George Foreman vs. Shannon Briggs, billed as The Legend Continues..... was a professional boxing match contested on November 22, 1997, for the lineal heavyweight championship.

==Background==
After capturing the WBA and IBF titles from Michael Moorer late in 1994, George Foreman would forfeit his WBA title and make only one defense of his IBF portion, narrowly and controversially defeating little-known German fighter Axel Schulz on April 22, 1995. Though the IBF mandated a rematch between the two, Foreman decided against it and chose instead to forfeit the title.

As he had not been beaten for either title, Foreman remained the lineal champion and successfully defended that crown (as well as the lowly regarded WBU heavyweight title) against then-undefeated prospects Crawford Grimsley and Lou Savarese. Following his win over Savarese, Foreman was given the opportunity to face Lennox Lewis for Lewis' WBC heavyweight title, with Foreman first having to win an "eliminator" bout against a contender. The WBC supplied Foreman with a list of acceptable opponents, including future heavyweight champions Chris Byrd and Hasim Rahman and the recently returned former Undisputed Heavyweight Champion James "Buster" Douglas, though Foreman ultimately picked Shannon Briggs.

Coming into the fight, Briggs sported a 29–1 record with 24 wins coming by way of knockout. However, despite his impressive record, his one loss had been a third round knockout against Darroll "Doin' Damage" Wilson on HBO the previous year which halted his momentum and hurt his status as one of the premier up-and-coming heavyweights. However, realizing that a win over Foreman would get him back into contention, Briggs vowed to be ready for the fight stating that he was "confident that I can go in and fight for 12 rounds and win a decision."

==The fight==
The fight was a controversial one as many felt Foreman had clearly won the fight, though it would be Briggs who would ultimately pick up the victory by way of majority decision. Through the course of the fight, Foreman landed more punches and had a higher percentage of his punches land than Briggs. Foreman landed 284 of his 488 punches for a 58% success rate while Briggs only landed 45% of his punches, going 223 for 494.

Foreman spent much of the fight as the aggressor while Briggs spent a lot of the fight retreating. In the later rounds Foreman's power punches seemed to take a toll on the younger Briggs, as he began slowing down and all but abandoned his tactic of moving away from Foreman and was hit from some heavy shots as a result.

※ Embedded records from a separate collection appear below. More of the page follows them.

(* Let $X$ be a nominal $\mathrm{Perm}$-set and $Y$ a nominal $\mathrm{Sb}$-set. (1) If $\dim(X)\le 1$, then the unit $\eta_X\colon X\to UF(X)$, $\eta_X(x)=[\mathrm{id},x]$, is an isomorphism. (2) If $\dim(Y)\le 1$, then the counit $\epsilon_Y\colon FU(Y)\to Y$, $\epsilon_Y([m,y])=m\cdot y$, is an isomorphism.
   Context: Atoms $\mathbb{A}$ (countably infinite); $\mathrm{Sb}$ = monoid of functions $\mathbb{A}\to\mathbb{A}$ that are the identity outside a finite set, under composition; $\mathrm{Perm}\subseteq\mathrm{Sb}$ the bijections. For $M\in\{\mathrm{Sb},\mathrm{Perm}\}$: nominal $M$-sets are sets with $M$-action in which every $x$ has a finite support $C\subseteq\mathbb{A}$ (meaning $m_1|_C=m_2|_C\Rightarrow m_1x=m_2x$ for $m_i\in M$); each $x$ has a least finite support $\mathrm{supp}(x)$; $\dim(X)=\max_x|\mathrm{supp}(x)|$. $U$ forgets from nominal $\mathrm{Sb}$-sets to nominal $\mathrm{Perm}$-sets. For a nominal $\mathrm{Perm}$-set $X$, $F(X)=(\mathrm{Sb}\times X)/{\sim}$, $\sim$ the least equivalence containing $(m,gx)\sim(mg,x)$ ($g\in\mathrm{Perm}$) and $(m,x)\sim(m',x)$ if $m|_C=m'|_C$ for some $\mathrm{Perm}$-support $C$ of $x$; classes $[m,x]$, action $n\cdot[m,x]=[nm,x]$. $F$ is left adjoint to $U$ with the stated unit and counit. *)

theory Defs
  imports Main
begin

type_synonym atom = nat

definition Sb :: "(atom \<Rightarrow> atom) set" where
  "Sb = {m. finite {a. m a \<noteq> a}}"

definition Perm :: "(atom \<Rightarrow> atom) set" where
  "Perm = {m \<in> Sb. bij m}"

definition supports :: "(atom \<Rightarrow> atom) set \<Rightarrow> ((atom \<Rightarrow> atom) \<Rightarrow> 'x \<Rightarrow> 'x) \<Rightarrow> atom set \<Rightarrow> 'x \<Rightarrow> bool" where
  "supports M act C x \<longleftrightarrow>
     (\<forall>m1\<in>M. \<forall>m2\<in>M. (\<forall>a\<in>C. m1 a = m2 a) \<longrightarrow> act m1 x = act m2 x)"

definition nominal_set :: "(atom \<Rightarrow> atom) set \<Rightarrow> 'x set \<Rightarrow> ((atom \<Rightarrow> atom) \<Rightarrow> 'x \<Rightarrow> 'x) \<Rightarrow> bool" where
  "nominal_set M X act \<longleftrightarrow>
     (\<forall>m\<in>M. \<forall>x\<in>X. act m x \<in> X) \<and>
     (\<forall>x\<in>X. act id x = x) \<and>
     (\<forall>m1\<in>M. \<forall>m2\<in>M. \<forall>x\<in>X. act (m1 \<circ> m2) x = act m1 (act m2 x)) \<and>
     (\<forall>x\<in>X. \<exists>C. finite C \<and> supports M act C x)"

definition supp :: "(atom \<Rightarrow> atom) set \<Rightarrow> ((atom \<Rightarrow> atom) \<Rightarrow> 'x \<Rightarrow> 'x) \<Rightarrow> 'x \<Rightarrow> atom set" where
  "supp M act x = (THE C. finite C \<and> supports M act C x \<and>
      (\<forall>D. finite D \<and> supports M act D x \<longrightarrow> C \<subseteq> D))"

definition dim_le_one :: "(atom \<Rightarrow> atom) set \<Rightarrow> 'x set \<Rightarrow> ((atom \<Rightarrow> atom) \<Rightarrow> 'x \<Rightarrow> 'x) \<Rightarrow> bool" where
  "dim_le_one M X act \<longleftrightarrow> (\<forall>x\<in>X. card (supp M act x) \<le> 1)"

In the 12th and final round, Foreman tried hard for a knockout victory and was able to break Briggs' nose but was unable to score a knockdown. As a result, the result went to the judge's scorecards.

Unofficial HBO scorer Harold Lederman had Foreman clearly winning the fight at 116–112 (eight rounds to four), but none of the three official scorers had Foreman the victor. One judge scored the fight a draw at 114–114 while the other two had the fight scored 116–112 and 117–113 in favor of Briggs, giving him both the majority decision win and the Lineal heavyweight title.

==Aftermath==
The fight proved to be the last of Foreman's career. However, shortly after his loss to Briggs, his promoters Jeff Wald and Irving Azoff, feeling that Foreman had clearly won, launched a protest in an effort to get the decision overturned which would allow Foreman to move on to face Lewis for his WBC heavyweight title; the decision, though, was upheld.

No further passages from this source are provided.